Rebecca Tinucci, anunciada há duas semanas CEO do Uber Freight, braço de transporte de carga do Uber, quando ainda era diretora global de eletrificação e sustentabilidade da companhia afirmou que a empresa não está no rumo desejado.
“Ainda há grandes barreiras para atingirmos nossas metas. Os altos custos iniciais dos veículos elétricos, o acesso limitado à recarga e o apoio inconsistente nas políticas continuam atrasando a adoção”, afirmou a executiva, no relatório de sustentabilidade publicado em maio. “Com base nas tendências atuais, não podemos cumprir as metas restantes de mobilidade e entrega para 2025. Nossas metas para 2030 estarão fora de alcance sem uma ação coordenada mais forte entre o governo e o setor.”
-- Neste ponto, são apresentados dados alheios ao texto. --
lemma funpow_map_sum:
  fixes f :: "'a \<Rightarrow> 'a" and g :: "'b \<Rightarrow> 'b"
  shows "map_sum f g ^^ n = map_sum (f ^^ n) (g ^^ n)"
proof (induction n)
  case 0 show ?case by (simp add: fun_eq_iff sum.map_ident)
next
  case (Suc n) then show ?case by (simp only: funpow.simps map_sum.comp)
qed

definition cycle_of :: "('b \<Rightarrow> 'b) \<Rightarrow> 'b \<Rightarrow> 'b set" where
  "cycle_of f x = {(f ^^ n) x | n. True}"

lemma num_cycles_eq_card_cycle_of: "num_cycles f S = card (cycle_of f ` S)"
  unfolding num_cycles_def cycle_of_def ..

lemma cycle_of_map_sum_Inl: "cycle_of (map_sum f g) (Inl a) = Inl ` cycle_of f a"
  unfolding cycle_of_def funpow_map_sum by auto

lemma cycle_of_map_sum_Inr: "cycle_of (map_sum f g) (Inr b) = Inr ` cycle_of g b"
  unfolding cycle_of_def funpow_map_sum by auto

lemma cycle_of_self: "x \<in> cycle_of f x"
  unfolding cycle_of_def by (metis (mono_tags) funpow_0 mem_Collect_eq)

lemma num_cycles_map_sum:
  fixes f :: "'a \<Rightarrow> 'a" and g :: "'b \<Rightarrow> 'b"
  assumes "finite A" "finite B"
  shows "num_cycles (map_sum f g) (Inl ` A \<union> Inr ` B) = num_cycles f A + num_cycles g B"
proof -
  let ?L = "image Inl ` cycle_of f ` A :: ('a + 'b) set set"
  let ?R = "image Inr ` cycle_of g ` B :: ('a + 'b) set set"
  have split: "cycle_of (map_sum f g) ` (Inl ` A \<union> Inr ` B) = ?L \<union> ?R"
    by (simp add: image_Un image_image cycle_of_map_sum_Inl cycle_of_map_sum_Inr)
  have "?L \<inter> ?R = {}"
    using cycle_of_self[of _ f] by blast
  then have "card (?L \<union> ?R) = card ?L + card ?R"
    using assms by (simp add: card_Un_disjoint)
  moreover have "card ?L = card (cycle_of f ` A)" "card ?R = card (cycle_of g ` B)"
    by (simp_all add: card_image inj_on_def inj_image_eq_iff)
  ultimately show ?thesis
    unfolding num_cycles_eq_card_cycle_of split by simp
qed

lemma total_act_eq_map_sum: "total_act \<alpha> = map_sum \<alpha> (edge_act \<alpha>)"
proof
  fix x show "total_act \<alpha> x = map_sum \<alpha> (edge_act \<alpha>) x"
    by (cases x) (simp_all add: edge_act_def)
qed

lemma tcycles_eq_vcycles_add_ecycles:
  "finite V \<Longrightarrow> finite E \<Longrightarrow> tcycles V E \<alpha> = vcycles V \<alpha> + ecycles E \<alpha>"
  unfolding tcycles_def vcycles_def ecycles_def total_set_def total_act_eq_map_sum
  by (rule num_cycles_map_sum)

lemma finite_edges: "simple_graph V E \<Longrightarrow> finite E"
  unfolding simple_graph_def by (metis Pow_iff empty_subsetI finite_Pow_iff insert_subset rev_finite_subset subsetI)

lemma finite_total_set: "finite V \<Longrightarrow> finite E \<Longrightarrow> finite (total_set V E)"
  unfolding total_set_def by simp

lemma card_total_set: "finite V \<Longrightarrow> finite E \<Longrightarrow> card (total_set V E) = card V + card E"
  unfolding total_set_def by (subst card_Un_disjoint) (auto simp: card_image)

lemma theta_t_le_theta_v_add_theta_e:
  assumes "finite V" "finite E"
  shows "theta_t V E \<le> theta_v V E + theta_e V E - 1"
proof -
  let ?X = "total_set V E" and ?k = "theta_v V E + theta_e V E - 1"
  have "every_coloring_distinguishing V E total_act ?X ?k"
    unfolding every_coloring_distinguishing_def
  proof (intro allI impI)
    fix c assume c: "coloring_with ?X c ?k"
    have "c ` ?X = (c \<circ> Inl) ` V \<union> (c \<circ> Inr) ` E"
      unfolding total_set_def by (simp add: image_Un image_comp)
    then have "?k \<le> card ((c \<circ> Inl) ` V) + card ((c \<circ> Inr) ` E)"
      using card_image_eq_if_coloring_with[OF c] card_Un_le by metis
    then have "theta_v V E \<le> card ((c \<circ> Inl) ` V) \<or> theta_e V E \<le> card ((c \<circ> Inr) ` E)"
      by linarith
    then show "distinguishing V E total_act ?X c"
    proof
      assume "theta_v V E \<le> card ((c \<circ> Inl) ` V)"
      then show ?thesis unfolding theta_v_def
        by (rule distinguishing_if_many_colors_on_part[OF assms(1)]) (auto simp: total_set_def)
    next
      assume "theta_e V E \<le> card ((c \<circ> Inr) ` E)"
      then show ?thesis unfolding theta_e_def
        by (rule distinguishing_if_many_colors_on_part[OF assms(2)]) (auto simp: total_set_def edge_act_def)
    qed
  qed
  moreover have "1 \<le> ?k"
    using theta_gen_spec[OF assms(1), of V E "\<lambda>\<alpha>. \<alpha>"] theta_gen_spec[OF assms(2), of V E edge_act]
    unfolding theta_v_def theta_e_def by linarith
  ultimately show ?thesis unfolding theta_t_def by (rule theta_gen_le[rotated])
qed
Panorama global e meta de emissões
Os objetivos incluíam encerrar 2025 com carros elétricos respondendo por 50% da quilometragem percorrida no transporte de passageiros num conjunto de sete capitais europeias e 100% em Londres e Amsterdã. Até o relatório de maio, a companhia havia conseguido que os elétricos respondessem por 15% da quilometragem na Europa e 30% em Londres e Amsterdã. Outra meta era que os elétricos respondessem por 100% da quilometragem nos Estados Unidos e no Canadá até 2030. Essa parcela está em apenas 10%.
Os motoristas de aplicativos abraçarem ou não a transição afeta um quadro maior. A substituição de veículos a combustão por modelos elétricos e híbridos no transporte urbano, além tornar as grandes cidades mais habitáveis, contribui com o enfrentamento da crise climática. Um dos cenários para a humanidade chegar ao estado de net zero em carbono em 2050, desenhado pela Agência Internacional de Energia (AIE), exige que até 2035 os modelos elétricos respondam por mais de 95% das vendas de novos veículos leves – carros, vans e motocicletas.
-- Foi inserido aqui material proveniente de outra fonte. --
(* Let $d_{\mathrm{in}},d_{\mathrm{out}}\in\mathbb N$, $\Omega\subset\mathbb R^{d_{\mathrm{in}}}$, $\mu$ a measure on $\Omega$ with $C_p(\Omega,\mu)<\infty$, $\|\cdot\|$ a norm on $\mathbb R^{d_{\mathrm{out}}}$, $p,q\in[1,\infty]$, and $\mathcal F=L^p(\Omega\to(\mathbb R^{d_{\mathrm{out}}},\|\cdot\|),\mu)$. (i) There exists a constant $c>0$ (depending only on $\Omega,\mu,p,q,\|\cdot\|$) such that for every architecture $(L,\mathbf N)$ with $N_0=d_{\mathrm{in}}$, $N_L=d_{\mathrm{out}}$, of width $W=\max_{0\le\ell\le L}N_\ell$, and every $r\ge1$, $$\|R_\theta-R_{\theta'}\|_{p,\|\cdot\|}\le c\,W L^2 r^{L-1}\|\theta-\theta'\|_\infty\qquad\text{for all }\theta,\theta'\in\Theta^q_{L,\mathbf N}(r).$$ In particular, if $\Omega=[-D,D]^d$ ($D>0$, $d=d_{\mathrm{in}}$) and $\mu$ is the Lebesgue measure, this holds with $c=Dd^{1/q}+1$ when $p=\infty$ and $\|\cdot\|=\|\cdot\|_q$, and with $c=(D+1)(2D)^{d/p}$ when $\|\cdot\|=\|\cdot\|_\infty$ and $q=\infty$. (ii) Conversely, assume $\Omega\subseteq\mathbb R_+^{d_{\mathrm{in}}}$ (where $\mathbb R_+=[0,\infty)$), $\|\cdot\|=\|\cdot\|_q$, and $\mu(\{x\in\Omega: x_1\neq0\})>0$, and either $p=\infty$, or $1\le p<\infty$ and we restrict to architectures with $N_0=\min_{0\le\ell\le L}N_\ell$. Then there is a constant $c'>0$ independent of the architecture and of $r$ such that for every such architecture $(L,\mathbf N)$ (with $N_0=d_{\mathrm{in}}$, $N_L=d_{\mathrm{out}}$), every $r\ge1$ and every $\varepsilon>0$, there exist $\theta\neq\theta'$ in $\Theta^q_{L,\mathbf N}(r)$ with $$\|R_\theta-R_{\theta'}\|_{p,\|\cdot\|}\ge(1-\varepsilon)\,c'\,L\,r^{L-1}\|\theta-\theta'\|_\infty.$$
   Context: ReLU $\rho(x)=\max(0,x)$ coordinatewise. Architecture $(L,\mathbf N)$, $\mathbf N=(N_0,\dots,N_L)$, width $W=\max_\ell N_\ell$; parameters $\theta=(W_1,\dots,W_L,b_1,\dots,b_L)$, $W_\ell\in\mathbb R^{N_\ell\times N_{\ell-1}}$, $b_\ell\in\mathbb R^{N_\ell}$, forming $\Theta_{L,\mathbf N}$; $\|\theta\|_\infty$ is the largest absolute value of a coordinate of $\theta$. Realization: $R_\theta(x)=W_Ly_{L-1}(x)+b_L$, $y_0(x)=x$, $y_\ell(x)=\rho(W_\ell y_{\ell-1}(x)+b_\ell)$ for $1\le\ell\le L-1$. For a matrix $M$, $\|M\|_{q\to q}=\sup_{x\ne0}\|Mx\|_q/\|x\|_q$ is the operator norm. $\Theta^q_{L,\mathbf N}(r)=\{\theta\in\Theta_{L,\mathbf N}:\|W_\ell\|_{q\to q}\le r,\ \|b_\ell\|_q\le r,\ \ell=1,\dots,L\}$. $\|f\|_{p,\|\cdot\|}=(\int_\Omega\|f(x)\|^pd\mu)^{1/p}$ for $p<\infty$, $\operatorname{ess\,sup}_\Omega\|f(x)\|$ for $p=\infty$. $C_p(\Omega,\mu)=(\int_\Omega(\|x\|_\infty+1)^pd\mu)^{1/p}$ for $p<\infty$ and $\operatorname{ess\,sup}_\Omega\|x\|_\infty$ for $p=\infty$. *)

theory Defs
  imports "HOL-Analysis.Analysis" "HOL-Probability.Probability"
begin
A China está a caminho de atingir 80% em 2030, mas o resto do mundo ficou para trás. Em seu relatório de 2025, a AIE informa que se multiplicaram as dúvidas a respeito dessa trajetória, por causa de tarifas sobre carros e baterias, preços em queda de derivados de petróleo e crescimento econômico incerto em vários grandes mercados. Tudo isso só torna mais preciosa, neste momento, uma forcinha dos aplicativos pela transição.